Saved entries

◆ ◆ ◆ ◆

lemma moreau_envelope_infnorm_has_derivative:
  fixes x c :: "real ^ 'n"
  assumes "0 < \<mu>" "0 \<le> \<tau>" and mass: "(\<Sum>i\<in>UNIV. max (\<bar>(x - c) $ i\<bar> - \<tau>) 0) = \<mu>"
  shows "(moreau_envelope (\<lambda>u. infnorm (u - c)) \<mu>
      has_derivative (\<lambda>h. (soft_threshold \<tau> (x - c) /\<^sub>R \<mu>) \<bullet> h)) (at x)"
proof -
  define s where "s = soft_threshold \<tau> (x - c)"
  define g where "g = s /\<^sub>R \<mu>"
  have abs_g: "\<bar>g $ i\<bar> = \<bar>s $ i\<bar> / \<mu>" for i
    using \<open>0 < \<mu>\<close> by (simp add: g_def divide_inverse_commute abs_mult)
  have l1: "(\<Sum>i\<in>UNIV. \<bar>g $ i\<bar>) = 1"
    using assms by (simp add: abs_g s_def abs_soft_threshold sum_divide_distrib[symmetric])
  have residual: "x - \<mu> *\<^sub>R g - c = (x - c) - s"
    using \<open>0 < \<mu>\<close> by (simp add: g_def)
  have "infnorm ((x - c) - s) \<le> \<tau>"
    unfolding s_def using \<open>0 \<le> \<tau>\<close> by (rule infnorm_soft_threshold_residual)
  also have "\<tau> = g \<bullet> ((x - c) - s)"
    using assms l1 inner_soft_threshold_residual[OF \<open>0 \<le> \<tau>\<close>, of "x - c"]
    by (simp add: g_def s_def sum_divide_distrib[symmetric] abs_soft_threshold)
  finally have residual_le: "infnorm ((x - c) - s) \<le> g \<bullet> ((x - c) - s)" .
  then have "infnorm (x - \<mu> *\<^sub>R g - c) + g \<bullet> (u - (x - \<mu> *\<^sub>R g)) \<le> infnorm (u - c)" for u
  proof -
    have "u - (x - \<mu> *\<^sub>R g) = (u - c) - (x - \<mu> *\<^sub>R g - c)"
      by simp
    then show ?thesis
      using infnorm_subgradient[OF eq_refl[OF l1] residual_le, of "u - c"]
      unfolding residual by (simp add: diff_diff_eq2 add_diff_eq)
  qed
  then have "(moreau_envelope (\<lambda>u. infnorm (u - c)) \<mu> has_derivative (\<lambda>h. g \<bullet> h)) (at x)"
    by (rule moreau_envelope_has_derivative[OF \<open>0 < \<mu>\<close>])
  then show ?thesis
    by (simp only: g_def s_def)
qed

lemma idx_ge_1: "1 \<le> idx (k::'n::{finite,linorder})"
  unfolding idx_def by (subgoal_tac "k \<in> {j. j \<le> k}") (auto simp: Suc_le_eq card_gt_0_iff)

lemma idx_le_card: "idx (k::'n::{finite,linorder}) \<le> CARD('n)"
  unfolding idx_def by (rule card_mono) auto

lemma strict_mono_idx: "strict_mono (idx :: 'n::{finite,linorder} \<Rightarrow> nat)"
proof (rule strict_monoI)
  fix k k' :: 'n
  assume "k < k'"
  then have "{j. j \<le> k} \<subset> {j. j \<le> k'}"
    by (auto dest: leD)
  then show "idx k < idx k'"
    unfolding idx_def by (simp add: psubset_card_mono)
qed

lemma range_idx: "range (idx :: 'n::{finite,linorder} \<Rightarrow> nat) = {1..CARD('n)}"
proof (rule card_subset_eq)
  show "range (idx :: 'n \<Rightarrow> nat) \<subseteq> {1..CARD('n)}"
    using idx_ge_1 idx_le_card by auto
  show "card (range (idx :: 'n \<Rightarrow> nat)) = card {1..CARD('n)}"
    using card_image[OF strict_mono_imp_inj_on[OF strict_mono_idx]] by simp
qed simp

lemma divide_square_le_divide:
  fixes \<eta> :: real and a N :: nat
  assumes "0 \<le> \<eta>" "0 < a" "a \<le> N"
  shows "\<eta> / (real N)\<^sup>2 \<le> \<eta> / real a"
proof -
  have "real a \<le> (real N)\<^sup>2"
    using assms by (simp add: power2_eq_square) (metis of_nat_le_iff of_nat_mult le_square order_trans)
  then show ?thesis
    using assms by (simp add: divide_left_mono)
qed

lemma divide_square_le_diff_divide:
  fixes \<eta> :: real and a b N :: nat
  assumes "0 \<le> \<eta>" "0 < a" "a < b" "b \<le> N"
  shows "\<eta> / (real N)\<^sup>2 \<le> \<eta> / real a - \<eta> / real b"
proof -
  have "\<eta> / (real N)\<^sup>2 \<le> \<eta> / (real a * real b)"
    using assms by (intro divide_left_mono) (auto simp: power2_eq_square mult_mono)
  also have "\<dots> \<le> \<eta> * (real b - real a) / (real a * real b)"
    using assms by (intro divide_right_mono) (auto simp: mult_le_cancel_left1)
  also have "\<dots> = \<eta> / real a - \<eta> / real b"
    using assms by (simp add: field_simps)
  finally show ?thesis .
qed

lemma abs_component_diff_xstar:
  fixes x :: "real ^ 'n::{finite,linorder}"
  assumes "0 \<le> \<eta>" "\<bar>x $ k\<bar> \<le> \<mu>" "\<mu> \<le> 1"
  shows "\<bar>\<bar>(x - xstar \<eta>) $ k\<bar> - (1 + \<eta> / real (idx k))\<bar> \<le> \<mu>"
proof -
  have "x $ k \<le> \<mu>" "0 \<le> \<eta> / real (idx k)"
    using assms by auto
  then have "x $ k - (1 + \<eta> / real (idx k)) \<le> 0"
    using assms(3) by linarith
  then have "\<bar>(x - xstar \<eta>) $ k\<bar> = 1 + \<eta> / real (idx k) - x $ k"
    by (simp add: xstar_def)
  then show ?thesis
    using assms by simp
qed

lemma xstar_dominant_component:
  fixes x :: "real ^ 'n::{finite,linorder}"
  assumes "0 < \<mu>" "\<mu> < 1" "4 * \<mu> * (real CARD('n))\<^sup>2 < \<eta>" "\<bar>x $ j\<bar> \<le> \<mu>"
  shows "\<mu> \<le> \<bar>(x - xstar \<eta>) $ j\<bar>"
proof -
  have "0 \<le> \<eta>"
    using assms by (smt (verit) mult_nonneg_nonneg zero_le_power2)
  have "4 * \<mu> < \<eta> / (real CARD('n))\<^sup>2"
    using assms by (simp add: field_simps)
  also have "\<dots> \<le> \<eta> / real (idx j)"
    using \<open>0 \<le> \<eta>\<close> idx_ge_1[of j] idx_le_card[of j] by (intro divide_square_le_divide) auto
  finally show ?thesis
    using abs_component_diff_xstar[of \<eta> x j \<mu>] \<open>0 \<le> \<eta>\<close> assms by linarith
qed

◆ ◆ ◆ ◆

### [Try it]
Write out exactly the lines that fall from the line with "by (auto dest: leD)" to the line with "using assms(3) by linarith" in the records above, keeping both ends.

### [Exercise result]
    by (auto dest: leD)
  then show "idx k < idx k'"
    unfolding idx_def by (simp add: psubset_card_mono)
qed

lemma range_idx: "range (idx :: 'n::{finite,linorder} \<Rightarrow> nat) = {1..CARD('n)}"
proof (rule card_subset_eq)
  show "range (idx :: 'n \<Rightarrow> nat) \<subseteq> {1..CARD('n)}"
    using idx_ge_1 idx_le_card by auto
  show "card (range (idx :: 'n \<Rightarrow> nat)) = card {1..CARD('n)}"
    using card_image[OF strict_mono_imp_inj_on[OF strict_mono_idx]] by simp
qed simp

lemma divide_square_le_divide:
  fixes \<eta> :: real and a N :: nat
  assumes "0 \<le> \<eta>" "0 < a" "a \<le> N"
  shows "\<eta> / (real N)\<^sup>2 \<le> \<eta> / real a"
proof -
  have "real a \<le> (real N)\<^sup>2"
    using assms by (simp add: power2_eq_square) (metis of_nat_le_iff of_nat_mult le_square order_trans)
  then show ?thesis
    using assms by (simp add: divide_left_mono)
qed

lemma divide_square_le_diff_divide:
  fixes \<eta> :: real and a b N :: nat
  assumes "0 \<le> \<eta>" "0 < a" "a < b" "b \<le> N"
  shows "\<eta> / (real N)\<^sup>2 \<le> \<eta> / real a - \<eta> / real b"
proof -
  have "\<eta> / (real N)\<^sup>2 \<le> \<eta> / (real a * real b)"
    using assms by (intro divide_left_mono) (auto simp: power2_eq_square mult_mono)
  also have "\<dots> \<le> \<eta> * (real b - real a) / (real a * real b)"
    using assms by (intro divide_right_mono) (auto simp: mult_le_cancel_left1)
  also have "\<dots> = \<eta> / real a - \<eta> / real b"
    using assms by (simp add: field_simps)
  finally show ?thesis .
qed

lemma abs_component_diff_xstar:
  fixes x :: "real ^ 'n::{finite,linorder}"
  assumes "0 \<le> \<eta>" "\<bar>x $ k\<bar> \<le> \<mu>" "\<mu> \<le> 1"
  shows "\<bar>\<bar>(x - xstar \<eta>) $ k\<bar> - (1 + \<eta> / real (idx k))\<bar> \<le> \<mu>"
proof -
  have "x $ k \<le> \<mu>" "0 \<le> \<eta> / real (idx k)"
    using assms by auto
  then have "x $ k - (1 + \<eta> / real (idx k)) \<le> 0"
    using assms(3) by linarith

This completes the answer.